+++ THE DATA +++

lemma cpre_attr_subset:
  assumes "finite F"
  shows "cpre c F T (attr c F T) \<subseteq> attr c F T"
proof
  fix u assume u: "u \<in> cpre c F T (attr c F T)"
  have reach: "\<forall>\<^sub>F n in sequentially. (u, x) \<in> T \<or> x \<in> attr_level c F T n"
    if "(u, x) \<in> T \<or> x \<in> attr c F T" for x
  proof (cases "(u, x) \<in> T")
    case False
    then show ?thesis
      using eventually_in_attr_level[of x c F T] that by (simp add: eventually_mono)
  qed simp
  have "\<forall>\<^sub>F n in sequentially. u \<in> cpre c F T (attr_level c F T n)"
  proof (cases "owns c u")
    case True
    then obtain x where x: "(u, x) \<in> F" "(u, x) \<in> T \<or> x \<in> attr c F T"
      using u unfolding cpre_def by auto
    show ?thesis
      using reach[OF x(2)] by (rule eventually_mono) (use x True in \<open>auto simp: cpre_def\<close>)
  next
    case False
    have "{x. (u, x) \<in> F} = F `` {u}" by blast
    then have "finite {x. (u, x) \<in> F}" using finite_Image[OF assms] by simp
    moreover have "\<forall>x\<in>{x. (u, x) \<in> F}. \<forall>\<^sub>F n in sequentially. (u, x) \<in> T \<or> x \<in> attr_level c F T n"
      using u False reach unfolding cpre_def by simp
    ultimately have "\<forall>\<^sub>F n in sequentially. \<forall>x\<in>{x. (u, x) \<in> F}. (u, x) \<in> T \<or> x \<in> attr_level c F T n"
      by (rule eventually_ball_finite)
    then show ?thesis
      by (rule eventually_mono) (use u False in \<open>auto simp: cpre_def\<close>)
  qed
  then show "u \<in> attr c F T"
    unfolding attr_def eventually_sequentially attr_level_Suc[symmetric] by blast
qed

+++
+++ THE DATA +++

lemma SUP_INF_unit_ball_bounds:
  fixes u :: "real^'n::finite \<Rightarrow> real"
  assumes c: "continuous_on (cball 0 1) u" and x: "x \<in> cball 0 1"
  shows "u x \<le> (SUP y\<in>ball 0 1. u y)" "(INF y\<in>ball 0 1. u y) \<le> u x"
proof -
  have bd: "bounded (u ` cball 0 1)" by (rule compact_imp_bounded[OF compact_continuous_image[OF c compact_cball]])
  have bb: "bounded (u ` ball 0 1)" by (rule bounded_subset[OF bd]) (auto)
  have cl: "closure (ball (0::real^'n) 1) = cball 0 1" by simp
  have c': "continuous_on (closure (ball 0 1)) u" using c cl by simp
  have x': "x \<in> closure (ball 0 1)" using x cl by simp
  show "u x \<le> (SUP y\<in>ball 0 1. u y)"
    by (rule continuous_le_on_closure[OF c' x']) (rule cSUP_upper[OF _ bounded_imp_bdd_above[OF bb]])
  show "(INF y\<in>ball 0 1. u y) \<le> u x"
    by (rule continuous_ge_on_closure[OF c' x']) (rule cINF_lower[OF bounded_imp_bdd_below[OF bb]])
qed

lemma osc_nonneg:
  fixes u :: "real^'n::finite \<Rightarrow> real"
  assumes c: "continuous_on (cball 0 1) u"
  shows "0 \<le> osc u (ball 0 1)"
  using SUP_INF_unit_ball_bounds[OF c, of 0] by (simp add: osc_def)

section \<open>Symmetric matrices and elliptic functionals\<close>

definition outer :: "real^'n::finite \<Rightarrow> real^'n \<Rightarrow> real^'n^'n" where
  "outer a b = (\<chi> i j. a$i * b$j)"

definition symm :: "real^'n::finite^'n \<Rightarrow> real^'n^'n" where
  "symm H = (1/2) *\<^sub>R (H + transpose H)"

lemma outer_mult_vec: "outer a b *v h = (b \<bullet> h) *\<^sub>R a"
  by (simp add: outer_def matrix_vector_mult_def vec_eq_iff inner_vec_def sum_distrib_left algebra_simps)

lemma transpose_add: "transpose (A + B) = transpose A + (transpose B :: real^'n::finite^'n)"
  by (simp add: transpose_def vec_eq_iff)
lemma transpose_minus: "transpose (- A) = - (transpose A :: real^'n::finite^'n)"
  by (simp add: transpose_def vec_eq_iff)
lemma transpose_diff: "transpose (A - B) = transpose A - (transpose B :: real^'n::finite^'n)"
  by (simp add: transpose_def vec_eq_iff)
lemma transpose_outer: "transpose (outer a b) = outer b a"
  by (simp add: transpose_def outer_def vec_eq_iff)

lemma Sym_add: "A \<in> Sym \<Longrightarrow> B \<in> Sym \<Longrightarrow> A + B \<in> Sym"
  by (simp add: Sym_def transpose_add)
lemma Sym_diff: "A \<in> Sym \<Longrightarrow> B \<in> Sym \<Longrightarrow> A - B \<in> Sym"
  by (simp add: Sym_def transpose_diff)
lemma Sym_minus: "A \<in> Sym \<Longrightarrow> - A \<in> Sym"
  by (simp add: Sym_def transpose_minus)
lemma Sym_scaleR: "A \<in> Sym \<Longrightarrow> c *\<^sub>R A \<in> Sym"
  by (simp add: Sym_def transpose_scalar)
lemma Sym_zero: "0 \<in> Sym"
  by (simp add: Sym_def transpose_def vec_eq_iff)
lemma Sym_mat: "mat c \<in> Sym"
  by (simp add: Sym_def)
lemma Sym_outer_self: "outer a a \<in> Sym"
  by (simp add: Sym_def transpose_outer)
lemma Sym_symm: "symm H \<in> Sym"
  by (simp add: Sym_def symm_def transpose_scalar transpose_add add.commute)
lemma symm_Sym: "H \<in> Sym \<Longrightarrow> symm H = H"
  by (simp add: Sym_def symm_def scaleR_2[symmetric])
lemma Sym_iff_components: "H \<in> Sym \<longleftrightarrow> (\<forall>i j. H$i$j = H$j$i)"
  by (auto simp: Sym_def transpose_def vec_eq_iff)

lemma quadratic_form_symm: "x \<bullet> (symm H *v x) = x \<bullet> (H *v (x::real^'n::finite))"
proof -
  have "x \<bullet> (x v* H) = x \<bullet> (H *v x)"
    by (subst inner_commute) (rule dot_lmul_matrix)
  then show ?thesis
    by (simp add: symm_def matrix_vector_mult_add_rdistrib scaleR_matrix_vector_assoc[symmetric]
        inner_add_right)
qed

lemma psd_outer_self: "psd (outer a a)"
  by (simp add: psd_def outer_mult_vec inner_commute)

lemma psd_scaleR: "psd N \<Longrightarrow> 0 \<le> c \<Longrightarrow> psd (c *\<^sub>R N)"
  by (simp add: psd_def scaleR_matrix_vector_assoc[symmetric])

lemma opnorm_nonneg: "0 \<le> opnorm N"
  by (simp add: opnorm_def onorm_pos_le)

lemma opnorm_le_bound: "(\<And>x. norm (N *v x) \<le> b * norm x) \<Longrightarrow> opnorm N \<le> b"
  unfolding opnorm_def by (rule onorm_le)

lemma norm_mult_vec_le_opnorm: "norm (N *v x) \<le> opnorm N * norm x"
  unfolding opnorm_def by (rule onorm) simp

+++

■ **WORK ITEM**
Lines containing the word "using": copy every one of them from the records above.

■ **EXERCISE RESULT**
      using eventually_in_attr_level[of x c F T] that by (simp add: eventually_mono)
      using u unfolding cpre_def by auto
      using reach[OF x(2)] by (rule eventually_mono) (use x True in \<open>auto simp: cpre_def\<close>)
    then have "finite {x. (u, x) \<in> F}" using finite_Image[OF assms] by simp
      using u False reach unfolding cpre_def by simp
  have c': "continuous_on (closure (ball 0 1)) u" using c cl by simp
  have x': "x \<in> closure (ball 0 1)" using x cl by simp
  using SUP_INF_unit_ball_bounds[OF c, of 0] by (simp add: osc_def)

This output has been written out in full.